From a data protection perspective, each of the database implementations provides a specific set of utilities (pg_dump Where WAL-E for PostgreSQL, mongodump for MongoDB, etc.) to back up and restore data. It is important to note that there are many utilities available with widely varying capabilities in terms of consistency, recovery granularity, and speed. They are usually limited to a particular database implementation or, at best, database type, whether provided as a standalone utility or as part of an -aaS offering.
4. Stateful Application
The application layer is where the business logic resides, and in the cloud-native world, applications are typically based on modern agile development methodologies and implemented as distributed microservices. Almost every application has some state that needs to persist. Although there are several models for storing application state, we must maintain and protect the following information in the context of a stateful Kubernetes application as an atomic unit:
- Application data: In various data service, block, and file storage implementations spread across multiple containers.

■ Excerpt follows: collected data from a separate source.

lemma finite_pattern_positions: "finite (pattern_positions n P)"
  by (rule finite_subset[of _ "{..<n} \<times> {..<n}"]) (auto simp: pattern_positions_def)

lemma card_pattern_mats:
  "card (pattern_mats n P :: 'a::{comm_ring_1, finite} mat set)
     = card (UNIV :: 'a set) ^ card (pattern_positions n P)"
proof -
  let ?I = "pattern_positions n P"
  define M :: "(nat \<times> nat \<Rightarrow> 'a) \<Rightarrow> 'a mat" where
    "M f = mat n n (\<lambda>(i, j). if i = j then 1 else if (i, j) \<in> ?I then f (i, j) else 0)" for f
  have "bij_betw M (?I \<rightarrow>\<^sub>E UNIV) (pattern_mats n P)"
  proof (rule bij_betw_imageI)
    show "inj_on M (?I \<rightarrow>\<^sub>E UNIV)"
    proof (rule inj_onI)
      fix f g assume f: "f \<in> ?I \<rightarrow>\<^sub>E UNIV" and g: "g \<in> ?I \<rightarrow>\<^sub>E UNIV" and "M f = M g"
      show "f = g"
      proof (rule PiE_ext[OF f g])
        fix p assume p: "p \<in> ?I"
        then obtain i j where ij: "p = (i, j)" "i < n" "j < n" "i \<noteq> j"
          by (auto simp: pattern_positions_def)
        have "M f $$ (i, j) = M g $$ (i, j)" using \<open>M f = M g\<close> by simp
        then show "f p = g p" using ij p by (simp add: M_def)
      qed
    qed
    have "A \<in> M ` (?I \<rightarrow>\<^sub>E UNIV)" if A: "A \<in> pattern_mats n P" for A
    proof -
      have "A = M (restrict (\<lambda>p. A $$ p) ?I)"
        by (rule eq_matI) (use pattern_matsD[OF A] in \<open>auto simp: M_def pattern_positions_def\<close>)
      moreover have "restrict (\<lambda>p. A $$ p) ?I \<in> ?I \<rightarrow>\<^sub>E UNIV" by simp
      ultimately show ?thesis by (rule image_eqI)
    qed
    moreover have "M f \<in> pattern_mats n P" for f
      unfolding pattern_mats_def M_def pattern_positions_def by simp
    ultimately show "M ` (?I \<rightarrow>\<^sub>E UNIV) = pattern_mats n P" by blast
  qed
  then have "card (pattern_mats n P :: 'a mat set) = card (?I \<rightarrow>\<^sub>E (UNIV :: 'a set))"
    by (simp add: bij_betw_same_card)
  also have "\<dots> = card (UNIV :: 'a set) ^ card ?I"
    by (simp add: card_PiE finite_pattern_positions)
  finally show ?thesis .
qed

lemma unitriangular_in_GL:
  fixes A :: "'a::comm_ring_1 mat"
  assumes "A \<in> pattern_mats n (\<lambda>i j. i < j) \<or> A \<in> pattern_mats n (\<lambda>i j. j < i)"
  shows "A \<in> GL n"
proof -
  have carr: "A \<in> carrier_mat n n" and diag: "\<And>i. i < n \<Longrightarrow> A $$ (i, i) = 1"
    using assms pattern_matsD by blast+
  have "dim_row A = n" using carr by simp
  then have "prod_list (diag_mat A) = 1"
    unfolding prod_list_diag_prod using diag by (intro prod.neutral) simp
  moreover have "det A = prod_list (diag_mat A)"
    using assms
  proof
    assume "A \<in> pattern_mats n (\<lambda>i j. i < j)"
    then have "upper_triangular A"
      using carr pattern_matsD(3) by (fastforce simp: upper_triangular_def)
    then show ?thesis by (rule det_upper_triangular[OF _ carr])
  next
    assume lower: "A \<in> pattern_mats n (\<lambda>i j. j < i)"
    have "A $$ (i, j) = 0" if "i < j" "j < n" for i j
      using pattern_matsD(3)[OF lower, of i j] that by simp
    then show ?thesis by (rule det_lower_triangular[OF _ carr])
  qed
  moreover have "(1::'a) \<cdot>\<^sub>m 1\<^sub>m n = 1\<^sub>m n" by (rule eq_matI) simp_all
  ultimately have "A * adj_mat A = 1\<^sub>m n" "adj_mat A * A = 1\<^sub>m n"
    using adj_mat[OF carr] by simp_all
  then show ?thesis
    using adj_mat(1)[OF carr] carr by (intro in_GL_if_inverse) simp_all
qed

lemma upper_uni_eq: "upper_uni n = (pattern_mats n (\<lambda>i j. i < j) :: 'a::comm_ring_1 mat set)"
proof
  show "upper_uni n \<subseteq> (pattern_mats n (\<lambda>i j. i < j) :: 'a mat set)"
    unfolding upper_uni_def pattern_mats_def GL_def by auto
  show "(pattern_mats n (\<lambda>i j. i < j) :: 'a mat set) \<subseteq> upper_uni n"
  proof
    fix A :: "'a mat" assume A: "A \<in> pattern_mats n (\<lambda>i j. i < j)"
    then have "A \<in> GL n"
      using unitriangular_in_GL by blast
    then show "A \<in> upper_uni n"
      using pattern_matsD[OF A] unfolding upper_uni_def by auto
  qed
qed

lemma lower_uni_eq: "lower_uni n = (pattern_mats n (\<lambda>i j. j < i) :: 'a::comm_ring_1 mat set)"
proof
  show "lower_uni n \<subseteq> (pattern_mats n (\<lambda>i j. j < i) :: 'a mat set)"
    unfolding lower_uni_def pattern_mats_def GL_def by auto
  show "(pattern_mats n (\<lambda>i j. j < i) :: 'a mat set) \<subseteq> lower_uni n"
  proof
    fix A :: "'a mat" assume A: "A \<in> pattern_mats n (\<lambda>i j. j < i)"
    then have "A \<in> GL n"
      using unitriangular_in_GL by blast
    then show "A \<in> lower_uni n"
      using pattern_matsD[OF A] unfolding lower_uni_def by auto
  qed
qed

lemma subgroup_pattern_mats:
  assumes "transp P" "asymp P" "pattern_mats n P \<subseteq> (GL n :: 'a::{comm_ring_1, finite} mat set)"
  shows "subgroup (pattern_mats n P) (GL_group n :: 'a::{comm_ring_1, finite} mat monoid)"
proof (rule group.finite_subgroupI[OF group_GL_group])
  show "finite (pattern_mats n P :: 'a mat set)"
    by (rule finite_subset[OF _ finite_carrier_mat]) (auto simp: pattern_mats_def)
qed (use assms in \<open>simp_all add: one_mem_pattern_mats mult_mem_pattern_mats\<close>)

lemma conj_grp_subset_GL:
  fixes w :: "'a::comm_ring_1 mat"
  assumes "w \<in> GL n" "H \<subseteq> GL n"
  shows "conj_grp w H \<subseteq> GL n"
proof -
  interpret GL: Group.group "GL_group n :: 'a::comm_ring_1 mat monoid" by (rule group_GL_group)
  have closed: "x * y \<in> GL n" if "x \<in> GL n" "y \<in> GL n" for x y :: "'a mat"
    using GL.m_closed[of x y] that by simp
  have "minv w \<in> GL n" using GL.inv_closed[of w] assms(1) minv_eq_inv[OF assms(1)] by simp
  then show ?thesis using assms closed unfolding conj_grp_def by blast
qed

section \<open>Permutation and diagonal matrices\<close>

definition perm_mat :: "(nat \<Rightarrow> nat) \<Rightarrow> nat \<Rightarrow> 'a::comm_ring_1 mat" where
  "perm_mat \<sigma> n = mat n n (\<lambda>(i, j). if i = \<sigma> j then 1 else 0)"

lemma perm_mat_carrier [simp]: "perm_mat \<sigma> n \<in> carrier_mat n n"
  and dim_perm_mat [simp]: "dim_row (perm_mat \<sigma> n) = n" "dim_col (perm_mat \<sigma> n) = n"
  by (simp_all add: perm_mat_def)

lemma mult_perm_mat_index:
  assumes "\<sigma> permutes {..<n}" "h \<in> carrier_mat n n" "i < n" "j < n"
  shows "(h * perm_mat \<sigma> n) $$ (i, j) = h $$ (i, \<sigma> j)"
proof -
  have "\<sigma> j < n" using permutes_in_image[OF assms(1)] assms(4) by simp
  have "(h * perm_mat \<sigma> n) $$ (i, j) = (\<Sum>k<n. if k = \<sigma> j then h $$ (i, k) else 0)"
    unfolding index_mult_mat_sum[OF assms(2) perm_mat_carrier assms(3,4)]
    using assms(4) by (intro sum.cong) (auto simp: perm_mat_def)
  with \<open>\<sigma> j < n\<close> show ?thesis by simp
qed

lemma perm_mat_mult_index:
  assumes "\<sigma> permutes {..<n}" "h \<in> carrier_mat n n" "i < n" "j < n"
  shows "(perm_mat \<sigma> n * h) $$ (i, j) = h $$ (Hilbert_Choice.inv \<sigma> i, j)"
proof -
  have "Hilbert_Choice.inv \<sigma> i < n" using permutes_in_image[OF permutes_inv[OF assms(1)]] assms(3) by simp
  moreover have "i = \<sigma> k \<longleftrightarrow> k = Hilbert_Choice.inv \<sigma> i" for k
    using permutes_inv_eq[OF assms(1)] by metis
  moreover have "(perm_mat \<sigma> n * h) $$ (i, j) = (\<Sum>k<n. if k = Hilbert_Choice.inv \<sigma> i then h $$ (k, j) else 0)"
    unfolding index_mult_mat_sum[OF perm_mat_carrier assms(2,3,4)]
    using assms(3) calculation(2) by (intro sum.cong) (auto simp: perm_mat_def)
  ultimately show ?thesis by simp
qed

lemma perm_mat_mult:
  assumes "\<sigma> permutes {..<n}" "\<tau> permutes {..<n}"
  shows "perm_mat \<sigma> n * perm_mat \<tau> n = (perm_mat (\<sigma> \<circ> \<tau>) n :: 'a::comm_ring_1 mat)"
proof (rule eq_matI)
  fix i j assume "i < dim_row (perm_mat (\<sigma> \<circ> \<tau>) n :: 'a mat)" "j < dim_col (perm_mat (\<sigma> \<circ> \<tau>) n :: 'a mat)"
  then have ij: "i < n" "j < n" by (simp_all add: perm_mat_def)
  have "Hilbert_Choice.inv \<sigma> i = \<tau> j \<longleftrightarrow> i = \<sigma> (\<tau> j)"
    using permutes_inv_eq[OF assms(1)] by metis
  then show "(perm_mat \<sigma> n * perm_mat \<tau> n) $$ (i, j) = (perm_mat (\<sigma> \<circ> \<tau>) n :: 'a mat) $$ (i, j)"
    using ij permutes_in_image[OF permutes_inv[OF assms(1)], of i]
    unfolding perm_mat_mult_index[OF assms(1) perm_mat_carrier ij] by (simp add: perm_mat_def)
qed (simp_all add: perm_mat_def)

lemma perm_mat_id: "perm_mat id n = 1\<^sub>m n"
  by (rule eq_matI) (simp_all add: perm_mat_def)

lemma perm_mat_in_GL:
  assumes "\<sigma> permutes {..<n}"
  shows "perm_mat \<sigma> n \<in> GL n"
  using assms permutes_inv[OF assms]
  by (intro in_GL_if_inverse[OF perm_mat_carrier perm_mat_carrier[of "Hilbert_Choice.inv \<sigma>"]])
    (simp_all add: perm_mat_mult permutes_inv_o perm_mat_id)

lemma minv_perm_mat:
  assumes "\<sigma> permutes {..<n}"
  shows "minv (perm_mat \<sigma> n) = (perm_mat (Hilbert_Choice.inv \<sigma>) n :: 'a::comm_ring_1 mat)"
proof -
  have "minv (perm_mat \<sigma> n :: 'a mat) = inv\<^bsub>GL_group n\<^esub> (perm_mat \<sigma> n)"
    by (rule minv_eq_inv[OF perm_mat_in_GL[OF assms]])
  also have "\<dots> = perm_mat (Hilbert_Choice.inv \<sigma>) n"
    using assms permutes_inv[OF assms]
    by (intro group.inv_equality[OF group_GL_group])
      (simp_all add: perm_mat_in_GL perm_mat_mult permutes_inv_o perm_mat_id)
  finally show ?thesis .
qed

lemma conj_perm_mat_index:
  assumes \<sigma>: "\<sigma> permutes {..<n}" and h: "h \<in> carrier_mat n n" and ij: "i < n" "j < n"
  shows "(minv (perm_mat \<sigma> n) * h * perm_mat \<sigma> n) $$ (i, j) = h $$ (\<sigma> i, \<sigma> j)"
proof -
  have "\<sigma> j < n" using permutes_in_image[OF \<sigma>] ij(2) by simp
  have "(minv (perm_mat \<sigma> n) * h * perm_mat \<sigma> n) $$ (i, j) = (perm_mat (Hilbert_Choice.inv \<sigma>) n * h) $$ (i, \<sigma> j)"
    unfolding minv_perm_mat[OF \<sigma>] using mult_carrier_mat[OF perm_mat_carrier h] ij
    by (rule mult_perm_mat_index[OF \<sigma>])
  also have "\<dots> = h $$ (\<sigma> i, \<sigma> j)"
    using perm_mat_mult_index[OF permutes_inv[OF \<sigma>] h ij(1) \<open>\<sigma> j < n\<close>]
    by (simp add: permutes_inv_inv[OF \<sigma>])
  finally show ?thesis .
qed

lemma conj_grp_perm_mat_pattern_mats:
  assumes \<sigma>: "\<sigma> permutes {..<n}"
  shows "conj_grp (perm_mat \<sigma> n) (pattern_mats n Q) = (pattern_mats n (\<lambda>i j. Q (\<sigma> i) (\<sigma> j)) :: 'a::comm_ring_1 mat set)"
proof (intro equalityI subsetI)
  have \<sigma>_lt: "\<sigma> i < n" if "i < n" for i using permutes_in_image[OF \<sigma>] that by simp
  have \<sigma>_inj: "\<sigma> i = \<sigma> j \<longleftrightarrow> i = j" for i j using permutes_inj[OF \<sigma>] by (simp add: inj_eq)
  fix g :: "'a mat" 
  {
    assume "g \<in> conj_grp (perm_mat \<sigma> n) (pattern_mats n Q)"
    then obtain h where h: "h \<in> pattern_mats n Q" and g: "g = minv (perm_mat \<sigma> n) * h * perm_mat \<sigma> n"
      unfolding conj_grp_def by blast
    have "g \<in> carrier_mat n n"
      unfolding g using pattern_matsD(1)[OF h] perm_mat_carrier by (metis mult_carrier_mat minv_perm_mat[OF \<sigma>])
    then show "g \<in> pattern_mats n (\<lambda>i j. Q (\<sigma> i) (\<sigma> j))"
      unfolding pattern_mats_def using pattern_matsD[OF h] \<sigma>_lt \<sigma>_inj
      by (simp add: g conj_perm_mat_index[OF \<sigma> pattern_matsD(1)[OF h]])
  }
  assume g: "g \<in> pattern_mats n (\<lambda>i j. Q (\<sigma> i) (\<sigma> j))"
  define h :: "'a mat" where "h = mat n n (\<lambda>(a, b). g $$ (Hilbert_Choice.inv \<sigma> a, Hilbert_Choice.inv \<sigma> b))"
  have inv_lt: "Hilbert_Choice.inv \<sigma> i < n" if "i < n" for i using permutes_in_image[OF permutes_inv[OF \<sigma>]] that by simp
  have inv_inj: "Hilbert_Choice.inv \<sigma> i = Hilbert_Choice.inv \<sigma> j \<longleftrightarrow> i = j" for i j
    using permutes_inj[OF permutes_inv[OF \<sigma>]] by (simp add: inj_eq)
  have "h \<in> pattern_mats n Q"
    unfolding pattern_mats_def h_def using pattern_matsD[OF g] inv_lt inv_inj
    by (simp add: permutes_inverses(1)[OF \<sigma>])
  moreover have "minv (perm_mat \<sigma> n) * h * perm_mat \<sigma> n = g"
  proof (rule eq_matI)
    fix i j assume "i < dim_row g" "j < dim_col g"
    then have ij: "i < n" "j < n" using pattern_matsD(1)[OF g] by auto
    have "h \<in> carrier_mat n n" by (simp add: h_def)
    then show "(minv (perm_mat \<sigma> n) * h * perm_mat \<sigma> n) $$ (i, j) = g $$ (i, j)"
      unfolding conj_perm_mat_index[OF \<sigma> \<open>h \<in> carrier_mat n n\<close> ij]
      using ij by (simp add: h_def \<sigma>_lt permutes_inverses(2)[OF \<sigma>])
  qed (use pattern_matsD(1)[OF g] in \<open>simp_all add: minv_perm_mat[OF \<sigma>]\<close>)
  ultimately show "g \<in> conj_grp (perm_mat \<sigma> n) (pattern_mats n Q)"
    unfolding conj_grp_def by blast
qed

- Application Definition and Configuration: Application image and associated environment configuration distributed across various Kubernetes objects, including ConfigMaps, secretsetc
- Other configuration status: including CI/CD pipeline status, version information, and related information Helm deployment metadata.
It is important to note that for a real deployment, the application is made up of hundreds of these underlying components. Additionally, in a cloud-native construct, the unit of atomicity for protection should be the application to the underlying data service or storage infrastructure layer. As mentioned earlier, this is because the state of an application includes the data, definition, and configuration of the application that is spread across multiple physical or virtual nodes and data services.
Final Thoughts
From the perspective of backup/recovery and application portability, a good data management solution should treat the entire application as the unit of atomicity, rendering traditional hypervisor-centric solutions obsolete. . We’ve also illustrated a simple stack diagram to show where application state actually resides from the perspective of various data services, block and file stores, and physical storage in on-premises implementations and in the cloud. This defines a core vocabulary that allows us to dive under the covers of layers of cloud data management operations.